After further conversation, Keene said, “we realized to stay in line with the CDC it would be better for us to transfer over to the highly recommended,” but not required approach.

Steve Yanni, superintendent of the Upper Dublin district, said Monday that the county’s office of public health had typically “been a little bit more conservative than other agencies,” with a more stringent approach to pandemic measures.

» READ MORE: Philly-area schools are making very different decisions after mask mandate was struck down

Now, “they’ve made it clear they are going to absolutely follow the CDC,” Yanni said. “So moving forward, I’m only looking at the CDC.”

Not all districts in the county that announced mask requirements last week are abandoning them: Norristown, for instance, started requiring masks Monday and “will evaluate week by week as the risk designation is updated by the CDC,” said Superintendent Christopher Dormer. And in Philadelphia — where the CDC updated the COVID-19 community level from low to medium last week — the school district also reinstated a mask requirement Monday.

The CDC’s metric is based on case rate, the rate of new hospital admissions for COVID-19, and the percentage of hospital beds in use by patients with COVID-19. The measure was unveiled in late February and at the time effectively downgraded the agency’s assessment of the severity of the pandemic across the region.

Many area schools — which were then deemed to be at a “medium” community level — dropped their mask requirements as a result. Now that the level has risen to high in Bucks, Montgomery, Chester, and Delaware Counties, some are taking action to revise their health and safety plans — though not necessarily to bring back masking.

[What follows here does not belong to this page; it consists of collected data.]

lemma pure_diagram_beyond_length: "length \<sigma> \<le> i \<Longrightarrow> pure_diagram \<sigma> i j = 0"
  by (simp add: pure_diagram_def)

lemma pure_diagram_at_degree:
  "i < length \<sigma> \<Longrightarrow>
     pure_diagram \<sigma> i (\<sigma> ! i) = 1 / (\<Prod>l\<in>{0..<length \<sigma>} - {i}. of_int \<bar>\<sigma> ! i - \<sigma> ! l\<bar>)"
  by (simp add: pure_diagram_def prod_dividef)

lemma length_gor_sigma: "0 < c \<Longrightarrow> length (gor_sigma s t c k) = Suc c"
  by (simp add: gor_sigma_def)

lemma gor_sigma_nth:
  assumes "s = 2 * t + u" "l \<le> c" "0 < c"
  shows "gor_sigma s t c k ! l = (if l = 0 then 0 else if l = c then int (2 * t + u + c)
          else if l \<le> c - k then int (t + l) else int (t + u + l))"
proof -
  consider "l = 0" | "l = c" | m where "l = Suc m" "m < c - 1"
    using assms by (cases l) (auto, arith)
  then show ?thesis
    by cases (use assms in \<open>auto simp: gor_sigma_def nth_append\<close>)
qed

lemma gor_sigma_chain:
  assumes "2 * t \<le> s" "1 \<le> k" "k < c"
  shows "pd_le (gor_sigma s t c k) (gor_sigma s t c (Suc k))"
proof -
  obtain u where "s = 2 * t + u" using assms(1) le_Suc_ex by blast
  then show ?thesis
    unfolding pd_le_def using assms by (auto simp: length_gor_sigma gor_sigma_nth less_Suc_eq_le)
qed

lemma gor_sigma_strict:
  assumes "2 * t < s" "1 \<le> k" "k < c"
  shows "gor_sigma s t c k \<noteq> gor_sigma s t c (Suc k)"
proof
  obtain u where s: "s = 2 * t + u" using assms(1) le_Suc_ex less_imp_le by blast
  assume "gor_sigma s t c k = gor_sigma s t c (Suc k)"
  then have "gor_sigma s t c k ! (c - k) = gor_sigma s t c (Suc k) ! (c - k)" by simp
  moreover have "c - k \<noteq> 0" "c - k \<noteq> c" "\<not> c - k \<le> c - Suc k" using assms by auto
  ultimately show False using assms by (simp add: s gor_sigma_nth)
qed

lemma pure_diagram_gor_sigma_at_degree:
  assumes "gor_sigma s t c k ! i = d" "i \<le> c" "0 < c"
  shows "pure_diagram (gor_sigma s t c k) i d =
    1 / (\<Prod>l\<in>{0..<Suc c} - {i}. of_int \<bar>d - gor_sigma s t c k ! l\<bar>)"
  using pure_diagram_at_degree[of i "gor_sigma s t c k"] assms by (simp add: length_gor_sigma)

text \<open>The nonzero entries of the \<open>\<pi>\<^sub>\<sigma>\<^sub>k\<close>, each family indexed by the offset \<open>m\<close> of the jump of
\<open>\<sigma>\<^sub>k\<close> used to sum it below.\<close>

lemma pure_diagram_gor_sigma_first:
  assumes "s = 2 * t + u" "m < c"
  shows "pure_diagram (gor_sigma s t c (c - m)) 0 0 =
    fact (t + u + m) / fact (t + m) * (fact t / (fact (t + u + (c - 1)) * of_nat (2 * t + u + (c - 1) + 1)))"
proof -
  define E where "E = (!) (gor_sigma s t c (c - m))"
  have E: "E l = (if l = 0 then 0 else if l = c then int (2 * t + u + c)
      else if l \<le> m then int (t + l) else int (t + u + l))" if "l \<le> c" for l
    using that assms unfolding E_def by (simp add: gor_sigma_nth)
  define g where "g l = (of_int \<bar>0 - E l\<bar> :: rat)" for l
  have "prod g ({0..<Suc c} - {0}) = prod g {0..<0} * prod g {Suc 0..<Suc c}"
    using assms by (simp only: prod_atLeastLessThan_remove zero_less_Suc)
  also have "prod g {Suc 0..<Suc c} = prod g {1..<Suc m} * prod g {Suc m..<c} * prod g {c..<Suc c}"
  proof -
    have "Suc 0 \<le> Suc m" "Suc m \<le> c" "Suc 0 \<le> c" "c \<le> Suc c" using assms by simp_all
    then show ?thesis by (simp only: prod.atLeastLessThan_concat One_nat_def)
  qed
  also have "prod g {1..<Suc m} = fact (t + Suc m - Suc 0) / fact (t + 1 - Suc 0)"
    unfolding g_def by (rule prod_abs_ascending_run) (use assms in \<open>auto simp: E\<close>)
  also have "prod g {Suc m..<c} = fact (t + u + c - Suc 0) / fact (t + u + Suc m - Suc 0)"
    unfolding g_def by (rule prod_abs_ascending_run) (use assms in \<open>auto simp: E\<close>)
  also have "prod g {c..<Suc c} = of_nat (2 * t + u + (c - 1) + 1)"
    using assms by (simp add: g_def E)
  finally have prod_eq: "prod g ({0..<Suc c} - {0}) = fact (t + m) / fact t * (fact (t + u + (c - 1)) / fact (t + u + m)) *
      of_nat (2 * t + u + (c - 1) + 1)"
    using assms by simp
  have pd: "pure_diagram (gor_sigma s t c (c - m)) 0 0 = 1 / prod g ({0..<Suc c} - {0})"
    unfolding g_def E_def by (rule pure_diagram_gor_sigma_at_degree) (use assms in \<open>simp_all add: gor_sigma_nth\<close>)
  show ?thesis unfolding pd prod_eq by (simp add: ac_simps)
qed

In Chester County, the West Chester Area School District called a special school board meeting Monday night to consider a mask recommendation, but not requirement. (A message from the district in late February told parents that masking would be a choice when community COVID levels were low or medium, but did not mention what would happen at high levels.)

And in Delaware County, the Haverford Township School Board will meet Tuesday to consider dropping its requirement that masks return when COVID-19 cases reach 3% or more of a school building’s population for seven consecutive days. The district — which has hit that mark this month in two of its elementary schools, according to its dashboard — will vote instead on following the CDC’s recommendations, according to a message to families Friday.